• **Task brief**: Quote exactly, and only, the lines of the material below from the line with "a + nested_monom" through the line with "nested_monom s a".

• **Data**:
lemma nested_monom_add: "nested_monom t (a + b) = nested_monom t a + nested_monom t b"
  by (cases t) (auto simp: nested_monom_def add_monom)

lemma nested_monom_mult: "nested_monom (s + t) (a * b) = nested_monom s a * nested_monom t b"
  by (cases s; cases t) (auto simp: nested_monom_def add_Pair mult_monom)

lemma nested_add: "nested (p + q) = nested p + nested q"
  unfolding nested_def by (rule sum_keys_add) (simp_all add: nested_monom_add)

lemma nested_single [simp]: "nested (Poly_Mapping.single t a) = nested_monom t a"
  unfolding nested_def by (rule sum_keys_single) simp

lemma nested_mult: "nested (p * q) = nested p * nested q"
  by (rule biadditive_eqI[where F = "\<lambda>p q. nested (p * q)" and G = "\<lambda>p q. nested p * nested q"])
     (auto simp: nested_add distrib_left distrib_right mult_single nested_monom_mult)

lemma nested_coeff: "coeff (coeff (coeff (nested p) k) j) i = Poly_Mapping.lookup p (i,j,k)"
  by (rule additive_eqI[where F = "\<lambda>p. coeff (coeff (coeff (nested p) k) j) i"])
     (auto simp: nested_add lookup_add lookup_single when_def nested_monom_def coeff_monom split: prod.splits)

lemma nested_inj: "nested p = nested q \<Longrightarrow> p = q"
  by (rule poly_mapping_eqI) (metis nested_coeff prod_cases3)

...

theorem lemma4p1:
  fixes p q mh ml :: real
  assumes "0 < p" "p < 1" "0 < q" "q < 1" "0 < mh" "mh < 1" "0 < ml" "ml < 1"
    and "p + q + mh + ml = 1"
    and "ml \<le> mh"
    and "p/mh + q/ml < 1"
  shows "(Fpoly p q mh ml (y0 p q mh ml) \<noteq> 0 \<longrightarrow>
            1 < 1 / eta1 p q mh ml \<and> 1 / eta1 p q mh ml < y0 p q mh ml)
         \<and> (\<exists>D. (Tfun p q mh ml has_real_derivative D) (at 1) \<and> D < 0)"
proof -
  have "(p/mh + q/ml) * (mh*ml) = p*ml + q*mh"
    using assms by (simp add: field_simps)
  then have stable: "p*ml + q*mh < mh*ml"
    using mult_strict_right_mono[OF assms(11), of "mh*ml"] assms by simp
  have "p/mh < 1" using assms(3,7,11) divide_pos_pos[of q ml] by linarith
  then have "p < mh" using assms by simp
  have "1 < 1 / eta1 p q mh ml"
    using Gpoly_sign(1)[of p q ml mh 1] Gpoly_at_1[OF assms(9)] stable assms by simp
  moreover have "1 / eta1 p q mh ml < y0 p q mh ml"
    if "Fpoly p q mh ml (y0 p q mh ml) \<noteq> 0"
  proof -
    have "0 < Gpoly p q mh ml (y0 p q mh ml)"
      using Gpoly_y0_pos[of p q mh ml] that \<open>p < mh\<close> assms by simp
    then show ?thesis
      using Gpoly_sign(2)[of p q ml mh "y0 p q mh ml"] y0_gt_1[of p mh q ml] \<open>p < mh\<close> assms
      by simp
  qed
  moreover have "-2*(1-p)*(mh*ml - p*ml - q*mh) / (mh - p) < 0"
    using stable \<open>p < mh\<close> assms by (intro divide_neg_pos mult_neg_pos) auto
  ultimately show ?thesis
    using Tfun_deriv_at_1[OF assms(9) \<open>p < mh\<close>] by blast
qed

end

• **Result of this exercise**:
lemma nested_monom_add: "nested_monom t (a + b) = nested_monom t a + nested_monom t b"
  by (cases t) (auto simp: nested_monom_def add_monom)

lemma nested_monom_mult: "nested_monom (s + t) (a * b) = nested_monom s a * nested_monom t b"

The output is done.